Sales of Merck’s immunotherapy Keytruda slightly missed analysts’ mark for the last three months of 2016, with U.S. sales coming in at $271 million, while consensus estimates were $296 million. Merck initially reported Keytruda sales of $311 million, but that figure included $40 million in deferred revenue. 

Thirty-percent of Keytruda’s U.S. sales came from patients undergoing treatment for lung cancer, Merck CFO Robert Davis told investors on Thursday. If its combination of Keytruda and chemotherapy receives approval in the coming months, it will be the only approved-immunotherapy option in first-line non-small cell lung cancer for all or most of the year.

That FDA decision could make a Keytruda combo drug a foundational lung-cancer immunotherapy among oncologists, according to Stephanie Hawthorne, VP of clinical and scientific assessment at Kantar Health. Keytruda’s main competitor, Bristol-Myers Squibb’s combination therapy of Opdivo and Yervoy, isn’t expected to file for approval from the FDA until the end of the year at the earliest.

See also: Merck launches DTC campaign for Keytruda

BMS said it would not pursue the accelerated approval pathway for its Opdivo-Yervoy combination in advanced first-line lung cancer, a decision that the drugmaker announced on January 19. Merck said just a week prior, on January 10, that the FDA accepted its filing of a combination of Keytruda and a chemotherapy agent for accelerated approval as a treatment for advanced first-line lung cancer. Merck expects to receive a decision from the FDA by May 10.

Earlier this week, Merck launched a direct-to-consumer campaign, “Sharon’s Tru Story,” for Keytruda. Drugmakers often employ DTC campaigns for first-in class indications like Keytruda received in October — when it was cleared for first-line use as a standalone treatment or monotherapy — Credit Suisse analyst Vamil Divan has said.

See also: Merck outspends Bristol-Myers Squibb on journal ads for Keytruda

For the experimental combination, Merck studied patients regardless of their PD-L1 expression. This is different than Keytruda’s monotherapy trial, which only studied the drug’s efficacy in patients with high levels of PD-L1 expression, a non-small cell lung cancer biomarker.
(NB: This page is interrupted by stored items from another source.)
definition dominating_broadcast :: "'a set \<Rightarrow> ('a \<Rightarrow> 'a \<Rightarrow> bool) \<Rightarrow> ('a \<Rightarrow> nat) \<Rightarrow> bool" where
  "dominating_broadcast V E f \<longleftrightarrow> broadcast V E f \<and>
     (\<forall>u\<in>V. \<exists>v\<in>V. 1 \<le> f v \<and> gdist V E u v \<le> f v)"

definition minimal_dominating_broadcast :: "'a set \<Rightarrow> ('a \<Rightarrow> 'a \<Rightarrow> bool) \<Rightarrow> ('a \<Rightarrow> nat) \<Rightarrow> bool" where
  "minimal_dominating_broadcast V E f \<longleftrightarrow> dominating_broadcast V E f \<and>
     (\<forall>v\<in>V. 0 < f v \<longrightarrow> (\<forall>k < f v. \<not> dominating_broadcast V E (f(v := k))))"

definition upper_broadcast_number :: "'a set \<Rightarrow> ('a \<Rightarrow> 'a \<Rightarrow> bool) \<Rightarrow> nat" where
  "upper_broadcast_number V E =
     Max {bcost V f | f. minimal_dominating_broadcast V E f}"

definition diametrical :: "'a set \<Rightarrow> ('a \<Rightarrow> 'a \<Rightarrow> bool) \<Rightarrow> bool" where
  "diametrical V E \<longleftrightarrow> upper_broadcast_number V E = diam V E"

text \<open>Diametral path D = v_0 ... v_d given as a list of length d+1.\<close>
definition diametral_path :: "'a set \<Rightarrow> ('a \<Rightarrow> 'a \<Rightarrow> bool) \<Rightarrow> 'a list \<Rightarrow> bool" where
  "diametral_path V E D \<longleftrightarrow> walk V E D \<and> distinct D \<and> length D = Suc (diam V E) \<and>
     gdist V E (hd D) (last D) = diam V E"

definition protrudes :: "'a set \<Rightarrow> ('a \<Rightarrow> 'a \<Rightarrow> bool) \<Rightarrow> 'a list \<Rightarrow> 'a \<Rightarrow> nat \<Rightarrow> bool" where
  "protrudes V E D u i \<longleftrightarrow> u \<in> V \<and> u \<notin> set D \<and> i < length D \<and>
     (\<forall>j < length D. j \<noteq> i \<longrightarrow> gdist V E u (D ! i) < gdist V E u (D ! j))"

definition protruding :: "'a set \<Rightarrow> ('a \<Rightarrow> 'a \<Rightarrow> bool) \<Rightarrow> 'a list \<Rightarrow> nat \<Rightarrow> 'a set" where
  "protruding V E D i = {u. protrudes V E D u i}"

definition is_leaf :: "'a set \<Rightarrow> ('a \<Rightarrow> 'a \<Rightarrow> bool) \<Rightarrow> 'a \<Rightarrow> bool" where
  "is_leaf V E x \<longleftrightarrow> x \<in> V \<and> card {w\<in>V. E x w} = 1"

definition limb_type_A :: "'a set \<Rightarrow> ('a \<Rightarrow> 'a \<Rightarrow> bool) \<Rightarrow> 'a list \<Rightarrow> nat \<Rightarrow> bool" where
  "limb_type_A V E D i \<longleftrightarrow> (\<exists>x y. x \<noteq> y \<and> protruding V E D i = {x, y} \<and>
     E (D ! i) x \<and> E x y \<and> \<not> E (D ! i) y)"

definition limb_type_B :: "'a set \<Rightarrow> ('a \<Rightarrow> 'a \<Rightarrow> bool) \<Rightarrow> 'a list \<Rightarrow> nat \<Rightarrow> bool" where
  "limb_type_B V E D i \<longleftrightarrow> (\<exists>x y. x \<noteq> y \<and> protruding V E D i = {x, y} \<and>
     E (D ! i) x \<and> E (D ! i) y \<and> is_leaf V E x \<and> is_leaf V E y)"

definition limb_type_C :: "'a set \<Rightarrow> ('a \<Rightarrow> 'a \<Rightarrow> bool) \<Rightarrow> 'a list \<Rightarrow> nat \<Rightarrow> bool" where
  "limb_type_C V E D i \<longleftrightarrow> (\<exists>x. protruding V E D i = {x} \<and>
     E (D ! i) x \<and> is_leaf V E x)"

end

(*
  Paths in a tree are geodesics. Hence a vertex off the diametral path D adjacent to v_0, or a
  path of length two off D hanging at v_1, would extend D to a geodesic longer than the diameter d.
  Two leaves hanging at v_1 lie, like v_0, at distance d from v_d; but a vertex with at least three
  vertices at distance d \<ge> 2 from it admits a minimal dominating broadcast of cost greater than d,
  contradicting diametricality. Reversing D handles the end v_d.
*)

theory Submission
  imports Defs
begin

lemma walk_iff_successively:
  "walk V E xs \<longleftrightarrow> xs \<noteq> [] \<and> set xs \<subseteq> V \<and> successively E xs"
  unfolding walk_def successively_conv_nth by blast

locale connected_simple_graph =
  fixes V :: "'a set" and E :: "'a \<Rightarrow> 'a \<Rightarrow> bool"
  assumes simple: "simple_graph V E" and connected: "connected_graph V E"

locale tree = connected_simple_graph +
  assumes acyclic: "acyclic_graph V E"

context connected_simple_graph
begin

lemma finite_V: "finite V"
  and edge_in_V: "E u v \<Longrightarrow> u \<in> V \<and> v \<in> V"
  and edge_sym: "E u v \<Longrightarrow> E v u"
  and edge_irrefl: "\<not> E u u"
  using simple unfolding simple_graph_def by auto

lemma walk_rev: "walk V E xs \<Longrightarrow> walk V E (rev xs)"
  unfolding walk_iff_successively by (auto elim: successively_mono intro: edge_sym)

lemma walk_append:
  "walk V E xs \<Longrightarrow> walk V E ys \<Longrightarrow> E (last xs) (hd ys) \<Longrightarrow> walk V E (xs @ ys)"
  unfolding walk_iff_successively by (auto simp: successively_append_iff)

lemma walk_take: "walk V E xs \<Longrightarrow> k < length xs \<Longrightarrow> walk V E (take (Suc k) xs)"
  unfolding walk_def by (auto dest: in_set_takeD)

lemma walk_drop: "walk V E xs \<Longrightarrow> k < length xs \<Longrightarrow> walk V E (drop k xs)"
  unfolding walk_def by (auto dest: in_set_dropD)

lemma gdist_le_length:
  assumes "walk V E xs" "hd xs = u" "last xs = v"
  shows "gdist V E u v \<le> length xs - 1"
proof -
  have "length xs = Suc (length xs - 1)" using assms(1) by (cases xs) (auto simp: walk_def)
  then show ?thesis unfolding gdist_def using assms by (intro Least_le) blast
qed

lemma shortest_walk_ex:
  assumes "u \<in> V" "v \<in> V"
  obtains xs where "walk V E xs" "hd xs = u" "last xs = v" "length xs = Suc (gdist V E u v)"
proof -
  obtain xs where "walk V E xs" "hd xs = u" "last xs = v"
    using connected assms unfolding connected_graph_def by blast
  then have "\<exists>n xs. walk V E xs \<and> hd xs = u \<and> last xs = v \<and> length xs = Suc n"
    by (metis walk_def length_0_conv not0_implies_Suc)
  then have "\<exists>xs. walk V E xs \<and> hd xs = u \<and> last xs = v \<and> length xs = Suc (gdist V E u v)"
    unfolding gdist_def by (rule LeastI_ex)
  with that show ?thesis by blast
qed

lemma shortest_walk_distinct:
  assumes "walk V E xs" "length xs = Suc (gdist V E (hd xs) (last xs))"
  shows "distinct xs"
proof (rule ccontr)
  assume "\<not> distinct xs"
  then obtain A B C y where xs: "xs = A @ [y] @ B @ [y] @ C" using not_distinct_decomp by blast
  let ?ys = "A @ y # C"
  have "walk V E ?ys" using assms(1) unfolding walk_iff_successively xs
    by (auto simp: successively_append_iff successively_Cons)
  moreover have "hd ?ys = hd xs" "last ?ys = last xs" unfolding xs by (cases A; cases C; simp)+
  ultimately have "gdist V E (hd xs) (last xs) \<le> length ?ys - 1" using gdist_le_length by metis
  then show False using assms(2) unfolding xs by simp
qed

lemma gdist_sym: assumes "u \<in> V" "v \<in> V" shows "gdist V E u v = gdist V E v u"
proof -
  have le: "gdist V E y x \<le> gdist V E x y" if xy: "x \<in> V" "y \<in> V" for x y
  proof -
    obtain xs where xs: "walk V E xs" "hd xs = x" "last xs = y" "length xs = Suc (gdist V E x y)"
      using shortest_walk_ex[OF xy] by blast
    have "hd (rev xs) = y" "last (rev xs) = x" using xs by (auto simp: hd_rev last_rev)
    then show ?thesis using gdist_le_length[OF walk_rev[OF xs(1)]] xs(4) by simp
  qed
  show ?thesis using le[OF assms] le[OF assms(2,1)] by simp
qed

lemma gdist_self: "u \<in> V \<Longrightarrow> gdist V E u u = 0"
  using gdist_le_length[of "[u]" u u] by (simp add: walk_def)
Merck’s EVP and president of global human health, Adam Schechter, told investors that the company estimates that two-thirds of new non-small-cell lung-cancer patients are having their tumors tested for levels of PD-L1 expression, and that most patients with expression levels higher than 50% are being treated with Keytruda.

Opdivo’s future, Kantar’s Hawthorne said, hinges on its CheckMate227 Phase-III trial, which kicked off last year. “227 is going to be a very informative study,” she said, “It’s looking at Opdivo monotherapy vs. Opdivo and Yervoy vs. Opdivo and chemo vs. chemotherapy. It’s going to cover all these bases.”

See also: Merck’s Keytruda combo could edge out the competition

The findings of that trial are expected to be used to support Bristol’s filing with the FDA for an Opdivo-combination therapy. Evercore ISI analyst John Scotti wrote in an investor note last month that an FDA-filing for an Opdivo-Yervoy combo could occur in 2017 if the trial hits its endpoint on an interim analysis.

But during the earnings call, Roger Perlmutter, EVP and president of Merck research, cautioned against oversized expectations of Keytruda. He said that the company believes that this segment of the immunotherapy treatment landscape will be “personalized” in the long-term, meaning fewer patients within the lung-cancer market, and that he does “not expect that one-size-will-fit-all here and that every cancer patient will receive the same combination.”

Hawthorne agreed with that assessment, saying that treatment with immunotherapies will likely be a “balancing act” for oncologists. “I’m not sure we’ll have one dominant therapy, unless the survival curves clearly show one is superior than the other,” she said.